(What is required):
In the entries below, identify every line with the string "then" and copy it.
[Task material Boundary: Start]
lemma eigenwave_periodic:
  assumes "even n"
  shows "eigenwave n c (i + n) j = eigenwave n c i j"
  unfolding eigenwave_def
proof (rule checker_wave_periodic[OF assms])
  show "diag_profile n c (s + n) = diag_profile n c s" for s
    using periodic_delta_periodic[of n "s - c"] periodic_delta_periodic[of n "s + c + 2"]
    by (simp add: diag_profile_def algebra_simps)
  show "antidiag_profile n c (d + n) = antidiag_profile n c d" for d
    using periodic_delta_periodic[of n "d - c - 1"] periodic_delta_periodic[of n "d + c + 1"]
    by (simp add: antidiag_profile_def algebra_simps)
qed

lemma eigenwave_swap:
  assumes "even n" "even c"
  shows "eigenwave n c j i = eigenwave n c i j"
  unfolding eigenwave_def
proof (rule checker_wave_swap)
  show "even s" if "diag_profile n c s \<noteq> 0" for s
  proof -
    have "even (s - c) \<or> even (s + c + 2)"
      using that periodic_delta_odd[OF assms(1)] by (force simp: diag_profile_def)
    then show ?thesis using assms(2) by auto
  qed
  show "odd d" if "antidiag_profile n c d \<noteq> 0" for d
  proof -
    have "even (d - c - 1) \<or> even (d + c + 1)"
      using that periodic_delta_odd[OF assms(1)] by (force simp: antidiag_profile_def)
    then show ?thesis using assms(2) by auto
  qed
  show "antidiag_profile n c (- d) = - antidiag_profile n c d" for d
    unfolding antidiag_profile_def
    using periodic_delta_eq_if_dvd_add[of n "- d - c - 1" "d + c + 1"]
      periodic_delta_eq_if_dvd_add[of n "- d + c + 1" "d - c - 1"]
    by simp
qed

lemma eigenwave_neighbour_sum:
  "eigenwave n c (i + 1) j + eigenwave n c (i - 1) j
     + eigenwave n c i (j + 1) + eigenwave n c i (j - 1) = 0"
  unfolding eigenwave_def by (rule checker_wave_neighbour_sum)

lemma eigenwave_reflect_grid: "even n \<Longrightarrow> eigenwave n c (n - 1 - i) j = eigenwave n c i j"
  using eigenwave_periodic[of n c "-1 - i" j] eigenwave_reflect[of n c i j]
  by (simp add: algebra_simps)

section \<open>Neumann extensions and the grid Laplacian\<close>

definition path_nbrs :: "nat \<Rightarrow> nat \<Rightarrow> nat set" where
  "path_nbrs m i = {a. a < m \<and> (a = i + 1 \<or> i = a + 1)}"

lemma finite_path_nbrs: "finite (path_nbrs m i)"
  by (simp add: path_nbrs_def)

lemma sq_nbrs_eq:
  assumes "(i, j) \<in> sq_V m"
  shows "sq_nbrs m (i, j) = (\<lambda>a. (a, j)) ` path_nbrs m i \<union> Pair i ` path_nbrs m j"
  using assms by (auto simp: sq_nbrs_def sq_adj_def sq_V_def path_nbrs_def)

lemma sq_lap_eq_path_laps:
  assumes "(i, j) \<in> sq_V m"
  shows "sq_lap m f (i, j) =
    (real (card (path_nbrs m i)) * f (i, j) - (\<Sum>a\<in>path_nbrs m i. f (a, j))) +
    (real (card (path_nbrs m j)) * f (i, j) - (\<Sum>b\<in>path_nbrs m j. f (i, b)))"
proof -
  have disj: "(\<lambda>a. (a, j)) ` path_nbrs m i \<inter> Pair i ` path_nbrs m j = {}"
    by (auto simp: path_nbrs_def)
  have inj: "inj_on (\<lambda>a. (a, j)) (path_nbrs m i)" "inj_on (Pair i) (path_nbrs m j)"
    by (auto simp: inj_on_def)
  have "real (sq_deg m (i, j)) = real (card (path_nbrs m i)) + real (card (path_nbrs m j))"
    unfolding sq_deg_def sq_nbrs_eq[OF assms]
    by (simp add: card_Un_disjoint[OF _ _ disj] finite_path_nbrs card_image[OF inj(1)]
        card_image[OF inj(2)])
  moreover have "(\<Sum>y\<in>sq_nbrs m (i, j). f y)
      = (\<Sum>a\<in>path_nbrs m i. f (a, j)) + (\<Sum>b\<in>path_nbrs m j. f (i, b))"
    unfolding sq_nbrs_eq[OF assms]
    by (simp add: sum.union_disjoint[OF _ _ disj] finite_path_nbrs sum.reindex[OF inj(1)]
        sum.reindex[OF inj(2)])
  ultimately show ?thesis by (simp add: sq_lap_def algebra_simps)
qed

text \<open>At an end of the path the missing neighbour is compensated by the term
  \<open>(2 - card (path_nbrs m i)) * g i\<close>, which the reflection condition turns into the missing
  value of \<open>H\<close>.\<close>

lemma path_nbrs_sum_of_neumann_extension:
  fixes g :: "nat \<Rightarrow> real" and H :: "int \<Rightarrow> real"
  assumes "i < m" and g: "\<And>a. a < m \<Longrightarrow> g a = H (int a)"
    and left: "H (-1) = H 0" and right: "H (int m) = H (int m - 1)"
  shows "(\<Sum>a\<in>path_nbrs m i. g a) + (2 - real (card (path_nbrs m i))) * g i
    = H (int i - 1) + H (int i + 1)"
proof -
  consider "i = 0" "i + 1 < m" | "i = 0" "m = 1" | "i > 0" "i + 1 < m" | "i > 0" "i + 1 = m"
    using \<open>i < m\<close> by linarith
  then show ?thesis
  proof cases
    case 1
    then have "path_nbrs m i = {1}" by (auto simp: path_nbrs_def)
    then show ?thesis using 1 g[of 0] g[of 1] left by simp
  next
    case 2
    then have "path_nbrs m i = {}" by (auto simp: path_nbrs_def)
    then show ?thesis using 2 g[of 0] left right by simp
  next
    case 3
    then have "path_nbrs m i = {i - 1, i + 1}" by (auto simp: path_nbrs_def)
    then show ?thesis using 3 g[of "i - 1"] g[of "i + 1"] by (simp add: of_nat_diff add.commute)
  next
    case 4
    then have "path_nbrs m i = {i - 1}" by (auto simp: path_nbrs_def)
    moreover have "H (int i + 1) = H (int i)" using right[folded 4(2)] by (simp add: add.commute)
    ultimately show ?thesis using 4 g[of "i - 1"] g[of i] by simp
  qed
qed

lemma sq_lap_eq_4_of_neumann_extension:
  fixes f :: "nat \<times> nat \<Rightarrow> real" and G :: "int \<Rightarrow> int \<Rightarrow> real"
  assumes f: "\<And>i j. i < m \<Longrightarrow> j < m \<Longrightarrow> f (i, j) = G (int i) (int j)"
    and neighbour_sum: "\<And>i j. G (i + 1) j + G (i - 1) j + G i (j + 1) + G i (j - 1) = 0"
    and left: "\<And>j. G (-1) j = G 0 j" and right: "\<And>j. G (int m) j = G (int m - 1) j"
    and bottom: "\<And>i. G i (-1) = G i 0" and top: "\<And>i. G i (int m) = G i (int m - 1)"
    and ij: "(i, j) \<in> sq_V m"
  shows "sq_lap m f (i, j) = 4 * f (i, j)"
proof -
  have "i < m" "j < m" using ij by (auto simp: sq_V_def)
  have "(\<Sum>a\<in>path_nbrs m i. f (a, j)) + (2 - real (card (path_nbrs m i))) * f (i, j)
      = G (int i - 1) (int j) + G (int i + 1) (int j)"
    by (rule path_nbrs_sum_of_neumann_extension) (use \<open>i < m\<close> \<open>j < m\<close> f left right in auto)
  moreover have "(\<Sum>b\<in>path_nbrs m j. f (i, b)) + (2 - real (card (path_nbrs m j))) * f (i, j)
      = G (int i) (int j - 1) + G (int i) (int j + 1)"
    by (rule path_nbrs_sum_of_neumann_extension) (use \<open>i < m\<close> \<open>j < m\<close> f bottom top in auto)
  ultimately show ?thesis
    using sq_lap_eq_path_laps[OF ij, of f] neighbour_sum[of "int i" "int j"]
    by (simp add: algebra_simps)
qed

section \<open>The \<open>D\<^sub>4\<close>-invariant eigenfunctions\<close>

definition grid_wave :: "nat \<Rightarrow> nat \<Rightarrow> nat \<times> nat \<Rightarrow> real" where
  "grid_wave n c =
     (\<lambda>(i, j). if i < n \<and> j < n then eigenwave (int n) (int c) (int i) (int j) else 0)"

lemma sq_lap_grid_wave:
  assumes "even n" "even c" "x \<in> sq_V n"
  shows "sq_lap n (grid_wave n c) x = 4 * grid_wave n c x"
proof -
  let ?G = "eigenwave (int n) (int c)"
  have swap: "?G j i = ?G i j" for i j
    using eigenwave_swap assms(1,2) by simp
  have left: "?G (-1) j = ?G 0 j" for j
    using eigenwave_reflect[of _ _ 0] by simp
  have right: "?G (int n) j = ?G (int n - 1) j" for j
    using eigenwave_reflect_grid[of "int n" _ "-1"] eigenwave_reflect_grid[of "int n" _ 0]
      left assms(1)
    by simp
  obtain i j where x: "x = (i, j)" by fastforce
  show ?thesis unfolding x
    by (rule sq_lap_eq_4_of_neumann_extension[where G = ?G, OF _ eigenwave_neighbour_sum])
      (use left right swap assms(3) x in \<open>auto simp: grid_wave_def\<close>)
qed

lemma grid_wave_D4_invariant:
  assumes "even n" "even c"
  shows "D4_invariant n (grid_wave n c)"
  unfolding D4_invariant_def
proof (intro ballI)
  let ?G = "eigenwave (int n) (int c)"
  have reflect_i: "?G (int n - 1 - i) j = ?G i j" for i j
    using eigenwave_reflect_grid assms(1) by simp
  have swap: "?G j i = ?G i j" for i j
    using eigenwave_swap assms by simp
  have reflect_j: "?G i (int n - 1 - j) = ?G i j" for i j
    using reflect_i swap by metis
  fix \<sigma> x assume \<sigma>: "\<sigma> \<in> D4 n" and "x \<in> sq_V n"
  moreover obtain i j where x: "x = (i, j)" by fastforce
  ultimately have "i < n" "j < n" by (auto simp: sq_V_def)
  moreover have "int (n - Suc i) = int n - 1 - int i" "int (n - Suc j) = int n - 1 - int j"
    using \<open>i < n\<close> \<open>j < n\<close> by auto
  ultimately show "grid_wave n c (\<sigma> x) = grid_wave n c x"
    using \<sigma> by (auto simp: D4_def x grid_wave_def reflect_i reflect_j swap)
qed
[Task material Boundary: End]
(Answer):
    then show ?thesis using assms(2) by auto
    then show ?thesis using assms(2) by auto
  then show ?thesis
    then have "path_nbrs m i = {1}" by (auto simp: path_nbrs_def)
    then show ?thesis using 1 g[of 0] g[of 1] left by simp
    then have "path_nbrs m i = {}" by (auto simp: path_nbrs_def)
    then show ?thesis using 2 g[of 0] left right by simp
    then have "path_nbrs m i = {i - 1, i + 1}" by (auto simp: path_nbrs_def)
    then show ?thesis using 3 g[of "i - 1"] g[of "i + 1"] by (simp add: of_nat_diff add.commute)
    then have "path_nbrs m i = {i - 1}" by (auto simp: path_nbrs_def)
     (\<lambda>(i, j). if i < n \<and> j < n then eigenwave (int n) (int c) (int i) (int j) else 0)"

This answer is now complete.